(* For every $k\in\mathbb{N}$, every $v\in V^X$ and every $i\in\Pi$, $\sup\{\mathrm{Cost}_i(\rho)\mid\rho\in\Lambda^k(v)\}=\max\{\mathrm{Cost}_i(\rho)\mid\rho\in\Lambda^k(v)\}$, where the maximum is taken in $\mathbb{N}\cup\{+\infty\}$ (i.e., the supremum is attained).
   Context: Let $\mathcal{G}$ be a quantitative reachability game on an arena $G=(\Pi,V,(V_i)_{i\in\Pi},E)$ (finite player set $\Pi$, finite vertex set $V$ with $|V|\ge2$, $|\Pi|\le|V|$, partition $(V_i)$, every vertex has a successor) with targets $F_i\subseteq V$ and costs $\mathrm{Cost}_i(\rho)=$ least $k$ with $\rho_k\in F_i$ (or $+\infty$); $v_0\in V$. Extended game: arena $X$ with vertices $V^X=V\times2^\Pi$, edges $((v,I),(v',I'))\in E^X$ iff $(v,v')\in E$ and $I'=I\cup\{i:v'\in F_i\}$, $(v,I)\in V^X_i$ iff $v\in V_i$, targets $F^X_i=\{(v,I):i\in I\}$ with corresponding reachability costs $\mathrm{Cost}_i$; $x_0=(v_0,\{i:v_0\in F_i\})$; $I(u)$ is the second component. $\mathcal{I}$ is the set of $I$ with some $(v,I)$ reachable from $x_0$, $N=|\mathcal{I}|$, $J_1<\dots<J_N$ a fixed total order of $\mathcal{I}$ extending $I<I'$ iff $I\ne I'$ and some $(v',I')$ is reachable from some $(v,I)$. $V^{\ge J_n}=\{(v,J_m):v\in V,m\ge n\}$. Labelings: for $\lambda:V^X\to\mathbb{N}\cup\{+\infty\}$, a play $\rho$ of $X$ is $\lambda$-consistent if $\mathrm{Cost}_i(\rho_{\ge n})\le\lambda(\rho_n)$ whenever $\rho_n\in V^X_i$. $\lambda^0(u)=0$ if $u\in V^X_i$ and $i\in I(u)$, else $+\infty$. The update of $\lambda^k$ w.r.t. $V^{\ge J_n}$ keeps values outside $V^{\ge J_n}$ and for $u\in V^{\ge J_n}\cap V^X_i$ sets $\lambda^{k+1}(u)=0$ if $i\in I(u)$, otherwise $1+\min_{(u,u')\in E^X}\sup\{\mathrm{Cost}_i(\rho):\rho\in\Lambda^k(u')\}$ ($1+(+\infty)=+\infty$). The sequence is generated by $n_0=N$, $\lambda^{k+1}=$ update of $\lambda^k$ w.r.t. $V^{\ge J_{n_k}}$, $n_{k+1}=n_k-1$ if $\lambda^{k+1}=\lambda^k$ and $n_k>1$, else $n_{k+1}=n_k$. $\Lambda^k(v)$ is the set of $\lambda^k$-consistent plays from $v$. *)

theory Defs
  imports Main "HOL-Library.Extended_Nat"
begin

definition arena :: "'p set \<Rightarrow> 'v set \<Rightarrow> ('p \<Rightarrow> 'v set) \<Rightarrow> ('v \<times> 'v) set \<Rightarrow> bool" where
  "arena Pi V Vp E \<longleftrightarrow>
     finite Pi \<and> finite V \<and> card V \<ge> 2 \<and> card Pi \<le> card V \<and>
     (\<forall>i\<in>Pi. Vp i \<subseteq> V) \<and> (\<Union>i\<in>Pi. Vp i) = V \<and>
     (\<forall>i\<in>Pi. \<forall>j\<in>Pi. i \<noteq> j \<longrightarrow> Vp i \<inter> Vp j = {}) \<and>
     E \<subseteq> V \<times> V \<and> (\<forall>v\<in>V. \<exists>v'. (v, v') \<in> E)"

definition cost :: "'a set \<Rightarrow> (nat \<Rightarrow> 'a) \<Rightarrow> enat" where
  "cost T \<rho> = (if \<exists>k. \<rho> k \<in> T then enat (LEAST k. \<rho> k \<in> T) else \<infinity>)"

definition VX :: "'v set \<Rightarrow> 'p set \<Rightarrow> ('v \<times> 'p set) set" where
  "VX V Pi = V \<times> Pow Pi"

definition EdgX :: "'p set \<Rightarrow> ('v \<times> 'v) set \<Rightarrow> ('p \<Rightarrow> 'v set) \<Rightarrow> (('v \<times> 'p set) \<times> ('v \<times> 'p set)) set" where
  "EdgX Pi E F = {((v, I), (v', I')). (v, v') \<in> E \<and> I \<subseteq> Pi \<and> I' = I \<union> {i \<in> Pi. v' \<in> F i}}"

definition VXi :: "'v set \<Rightarrow> 'p set \<Rightarrow> ('p \<Rightarrow> 'v set) \<Rightarrow> 'p \<Rightarrow> ('v \<times> 'p set) set" where
  "VXi V Pi Vp i = {(v, I) \<in> VX V Pi. v \<in> Vp i}"

definition FX :: "'p \<Rightarrow> ('v \<times> 'p set) set" where
  "FX i = {(v, I). i \<in> I}"

definition x0 :: "'p set \<Rightarrow> ('p \<Rightarrow> 'v set) \<Rightarrow> 'v \<Rightarrow> 'v \<times> 'p set" where
  "x0 Pi F v0 = (v0, {i \<in> Pi. v0 \<in> F i})"

definition playX :: "'p set \<Rightarrow> ('v \<times> 'v) set \<Rightarrow> ('p \<Rightarrow> 'v set) \<Rightarrow> (nat \<Rightarrow> 'v \<times> 'p set) \<Rightarrow> bool" where
  "playX Pi E F \<rho> \<longleftrightarrow> (\<forall>n. (\<rho> n, \<rho> (Suc n)) \<in> EdgX Pi E F)"

definition reachI :: "'p set \<Rightarrow> ('v \<times> 'v) set \<Rightarrow> ('p \<Rightarrow> 'v set) \<Rightarrow> 'v \<Rightarrow> 'p set set" where
  "reachI Pi E F v0 = {I. \<exists>v. (x0 Pi F v0, (v, I)) \<in> (EdgX Pi E F)\<^sup>*}"

definition valid_order :: "'p set \<Rightarrow> ('v \<times> 'v) set \<Rightarrow> ('p \<Rightarrow> 'v set) \<Rightarrow> 'v \<Rightarrow> (nat \<Rightarrow> 'p set) \<Rightarrow> bool" where
  "valid_order Pi E F v0 J \<longleftrightarrow>
     bij_betw J {1..card (reachI Pi E F v0)} (reachI Pi E F v0) \<and>
     (\<forall>m\<in>{1..card (reachI Pi E F v0)}. \<forall>n\<in>{1..card (reachI Pi E F v0)}.
        J m \<noteq> J n \<and> (\<exists>v v'. ((v, J m), (v', J n)) \<in> (EdgX Pi E F)\<^sup>*) \<longrightarrow> m < n)"
(* Let $\Psi := \forall x\,\gamma(x)\wedge\bigwedge_{i=1}^n\forall x\forall y\,(e_i(x,y)\to\alpha_i(x,y))\wedge\forall x\,\deg(x)\in S$, where $\gamma$ and the $\alpha_i$ are quantifier-free, each $e_i(x,y)$ is either $x=y$ or an atom $R(x,y)$ or $R(y,x)$ with $R$ binary, and $S=\bigcup_{i=1}^p S_i$ with $S_i = L(\bar v_{i,0};\bar v_{i,1},\ldots,\bar v_{i,k_i})\subseteq\mathbb{N}^{\ell}$. Let $\Psi^*$ be the conjunction of $\forall x\,\gamma(x)$, of $\bigwedge_{i=1}^n\forall x\forall y\,(e_i(x,y)\to\alpha_i(x,y))$, and of the two conditions: ($\xi$) for every element $a$, $\deg(a)\in\{\bar v_{i,0}\}\cup\{\bar v_{i,1},\ldots,\bar v_{i,k_i}\}$ for some $1\le i\le p$; ($\phi$) for every element $a$ with $\deg(a)\neq\bar v_{i,0}$ for all $1\le i\le p$, there exist an element $b$ with the same 1-type as $a$ and an index $j\in\{1,\dots,p\}$ such that $\deg(a)\in\{\bar v_{j,1},\ldots,\bar v_{j,k_j}\}$ and $\deg(b)=\bar v_{j,0}$. Then $\Psi$ has a finite model if and only if $\Psi^*$ has a finite model.
   Context: Signature: finitely many unary and binary relation symbols plus equality. A 1-type is a maximal consistent set of atoms/negated atoms in one variable $x$ (unary atoms $U(x)$ and atoms $R(x,x)$). A 2-type is a maximal consistent set of atoms/negated atoms $R(x,y)$, $R(y,x)$ for binary $R$, together with $x\neq y$. The null type $\eta_{null}$ contains only negated atoms; all other 2-types are non-null; let $\eta_1,\ldots,\eta_\ell$ enumerate the non-null 2-types. In a structure $\mathcal{M}$, for $a\in M$, $\deg_{\mathcal{M},\eta}(a)$ is the number of $b\neq a$ such that $(a,b)$ realizes $\eta$, and $\deg(a):=(\deg_{\mathcal{M},\eta_1}(a),\ldots,\deg_{\mathcal{M},\eta_\ell}(a))\in\mathbb{N}^\ell$; $\mathcal{M}\models\forall x\,\deg(x)\in S$ means $\deg(a)\in S$ for all $a$. For vectors $\bar v_0,\ldots,\bar v_k\in\mathbb{N}^\ell$, $L(\bar v_0;\bar v_1,\ldots,\bar v_k)=\{\bar v_0+\sum_{i=1}^k n_i\bar v_i : n_i\in\mathbb{N}\}$. *)

theory Defs
  imports Main
begin

datatype var = Vx | Vy

datatype ('u, 'b) qf =
    QTrue
  | QEq var var
  | QU 'u var
  | QR 'b var var
  | QNot "('u, 'b) qf"
  | QAnd "('u, 'b) qf" "('u, 'b) qf"
  | QOr "('u, 'b) qf" "('u, 'b) qf"

fun qf_vars :: "('u, 'b) qf \<Rightarrow> var set" where
  "qf_vars QTrue = {}"
| "qf_vars (QEq v w) = {v, w}"
| "qf_vars (QU u v) = {v}"
| "qf_vars (QR r v w) = {v, w}"
| "qf_vars (QNot f) = qf_vars f"
| "qf_vars (QAnd f g) = qf_vars f \<union> qf_vars g"
| "qf_vars (QOr f g) = qf_vars f \<union> qf_vars g"

datatype 'b guard = GEq | GFwd 'b | GBwd 'b

record ('a, 'u, 'b) struc =
  dom :: "'a set"
  uI :: "'u \<Rightarrow> 'a \<Rightarrow> bool"
  bI :: "'b \<Rightarrow> 'a \<Rightarrow> 'a \<Rightarrow> bool"

fun qf_eval :: "('a, 'u, 'b) struc \<Rightarrow> (var \<Rightarrow> 'a) \<Rightarrow> ('u, 'b) qf \<Rightarrow> bool" where
  "qf_eval M s QTrue = True"
| "qf_eval M s (QEq v w) = (s v = s w)"
| "qf_eval M s (QU u v) = uI M u (s v)"
| "qf_eval M s (QR r v w) = bI M r (s v) (s w)"
| "qf_eval M s (QNot f) = (\<not> qf_eval M s f)"
| "qf_eval M s (QAnd f g) = (qf_eval M s f \<and> qf_eval M s g)"
| "qf_eval M s (QOr f g) = (qf_eval M s f \<or> qf_eval M s g)"

definition asg :: "'a \<Rightarrow> 'a \<Rightarrow> var \<Rightarrow> 'a" where
  "asg a b = (\<lambda>v. if v = Vx then a else b)"

fun guard_eval :: "('a, 'u, 'b) struc \<Rightarrow> 'b guard \<Rightarrow> 'a \<Rightarrow> 'a \<Rightarrow> bool" where
  "guard_eval M GEq a b = (a = b)"
| "guard_eval M (GFwd r) a b = bI M r a b"
| "guard_eval M (GBwd r) a b = bI M r b a"

text \<open>A 2-type (for x \<noteq> y) is determined by the truth values of R(x,y), R(y,x) for each binary R.\<close>
type_synonym 'b type2 = "'b \<Rightarrow> bool \<times> bool"

definition null2 :: "'b type2" where
  "null2 = (\<lambda>_. (False, False))"

definition tp2 :: "('a, 'u, 'b) struc \<Rightarrow> 'a \<Rightarrow> 'a \<Rightarrow> 'b type2" where
  "tp2 M a b = (\<lambda>r. (bI M r a b, bI M r b a))"

definition tp1 :: "('a, 'u, 'b) struc \<Rightarrow> 'a \<Rightarrow> ('u \<Rightarrow> bool) \<times> ('b \<Rightarrow> bool)" where
  "tp1 M a = (\<lambda>u. uI M u a, \<lambda>r. bI M r a a)"

text \<open>Vectors in N^l are represented as functions from 2-types to nat,
  indexed by the non-null 2-types (the entry at the null type is fixed to 0).\<close>
definition deg :: "('a, 'u, 'b) struc \<Rightarrow> 'a \<Rightarrow> 'b type2 \<Rightarrow> nat" where
  "deg M a = (\<lambda>\<eta>. if \<eta> = null2 then 0
                   else card {b \<in> dom M. b \<noteq> a \<and> tp2 M a b = \<eta>})"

########

_Exercise details_
Take the lines above from the one containing "set \<Rightarrow> ('v \<times> 'p" to the one containing "I)) \<in> (EdgX" and retype them exactly, both ends included, with nothing added.

_Response to the exercise_
definition VX :: "'v set \<Rightarrow> 'p set \<Rightarrow> ('v \<times> 'p set) set" where
  "VX V Pi = V \<times> Pow Pi"

definition EdgX :: "'p set \<Rightarrow> ('v \<times> 'v) set \<Rightarrow> ('p \<Rightarrow> 'v set) \<Rightarrow> (('v \<times> 'p set) \<times> ('v \<times> 'p set)) set" where
  "EdgX Pi E F = {((v, I), (v', I')). (v, v') \<in> E \<and> I \<subseteq> Pi \<and> I' = I \<union> {i \<in> Pi. v' \<in> F i}}"

definition VXi :: "'v set \<Rightarrow> 'p set \<Rightarrow> ('p \<Rightarrow> 'v set) \<Rightarrow> 'p \<Rightarrow> ('v \<times> 'p set) set" where
  "VXi V Pi Vp i = {(v, I) \<in> VX V Pi. v \<in> Vp i}"

definition FX :: "'p \<Rightarrow> ('v \<times> 'p set) set" where
  "FX i = {(v, I). i \<in> I}"

definition x0 :: "'p set \<Rightarrow> ('p \<Rightarrow> 'v set) \<Rightarrow> 'v \<Rightarrow> 'v \<times> 'p set" where
  "x0 Pi F v0 = (v0, {i \<in> Pi. v0 \<in> F i})"

definition playX :: "'p set \<Rightarrow> ('v \<times> 'v) set \<Rightarrow> ('p \<Rightarrow> 'v set) \<Rightarrow> (nat \<Rightarrow> 'v \<times> 'p set) \<Rightarrow> bool" where
  "playX Pi E F \<rho> \<longleftrightarrow> (\<forall>n. (\<rho> n, \<rho> (Suc n)) \<in> EdgX Pi E F)"

definition reachI :: "'p set \<Rightarrow> ('v \<times> 'v) set \<Rightarrow> ('p \<Rightarrow> 'v set) \<Rightarrow> 'v \<Rightarrow> 'p set set" where
  "reachI Pi E F v0 = {I. \<exists>v. (x0 Pi F v0, (v, I)) \<in> (EdgX Pi E F)\<^sup>*}"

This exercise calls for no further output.